Environment Azure App service running Otel with Latest Otel Version.

Additional context I already tried running Otel in pure Linux & Kubernetes.

github-actions[bot] commented 2 months ago

Pinging code owners for receiver/azureeventhub: @atoulme @cparkins. See Adding Labels via Comments if you do not have permissions to add labels yourself.

atoulme commented 2 months ago

@cparkins could we ingest the data point without setting the start timestamp?

cparkins commented 2 months ago

@atoulme I think this issue may actually be a type mismatch.

@dannyamaya When specifying the Diagnostic Settings for Databricks are there options under 'Metrics' or only 'Logs'?

According to the documentation only Logs are available: https://learn.microsoft.com/en-us/azure/azure-monitor/reference/supported-metrics/metrics-index

Also when I looked I could only see 'Logs'. If this is truly logs data attaching the Event Hub to a log receiver should resolve the issue as it does not require a time grain.
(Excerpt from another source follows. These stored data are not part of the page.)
theorem mainTheorem10:
  fixes \<Sigma> :: "cnst set" and Ob :: "(trm \<times> trm) set set"
  assumes "Star \<notin> \<Sigma>"
    and "Ob \<in> Matr \<Sigma> Obs"
  shows "lang \<Sigma> Ob = {W. set W \<subseteq> \<Sigma> \<and>
     (\<exists>p. length p = length W + 1 \<and> distinct p \<and> set p \<subseteq> Pconsts \<and> nilpotent (wprod Ob (wordrep W p)))}"
proof (intro set_eqI iffI)
  fix W assume "W \<in> lang \<Sigma> Ob"
  moreover have "length (map CP [0..<length W + 1]) = length W + 1"
    "distinct (map CP [0..<length W + 1])" "set (map CP [0..<length W + 1]) \<subseteq> Pconsts"
    by (auto simp: Pconsts_def distinct_map inj_on_def)
  ultimately show "W \<in> {W. set W \<subseteq> \<Sigma> \<and> (\<exists>p. length p = length W + 1 \<and> distinct p
      \<and> set p \<subseteq> Pconsts \<and> nilpotent (wprod Ob (wordrep W p)))}"
    unfolding lang_def by blast
next
  fix W assume "W \<in> {W. set W \<subseteq> \<Sigma> \<and> (\<exists>p. length p = length W + 1 \<and> distinct p
      \<and> set p \<subseteq> Pconsts \<and> nilpotent (wprod Ob (wordrep W p)))}"
  then obtain p where W: "set W \<subseteq> \<Sigma>" and p: "length p = length W + 1" "distinct p"
    "set p \<subseteq> Pconsts" "nilpotent (wprod Ob (wordrep W p))" by blast
  have "nilpotent (wprod Ob (wordrep W q))"
    if "length q = length W + 1 \<and> distinct q \<and> set q \<subseteq> Pconsts" for q
  proof -
    have "p \<noteq> []" "length p = length q" using p(1) that by auto
    then show ?thesis using nilpotent_any_positions[OF assms(2) _ _ p(2,3) _ _ p(4)] that by blast
  qed
  with W show "W \<in> lang \<Sigma> Ob" unfolding lang_def by blast
qed

end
dannyamaya commented 2 months ago

Yes, you're right Databricks can't support metrics by the date of this post so that's probably why otel can't handle those messages and shows that error, my bad, thanks for clarifying.

cparkins commented 2 months ago

No worries, it's probably not exactly clear that the mapping is done by the pipeline data type from the documentation. But that is how I wrote it to work.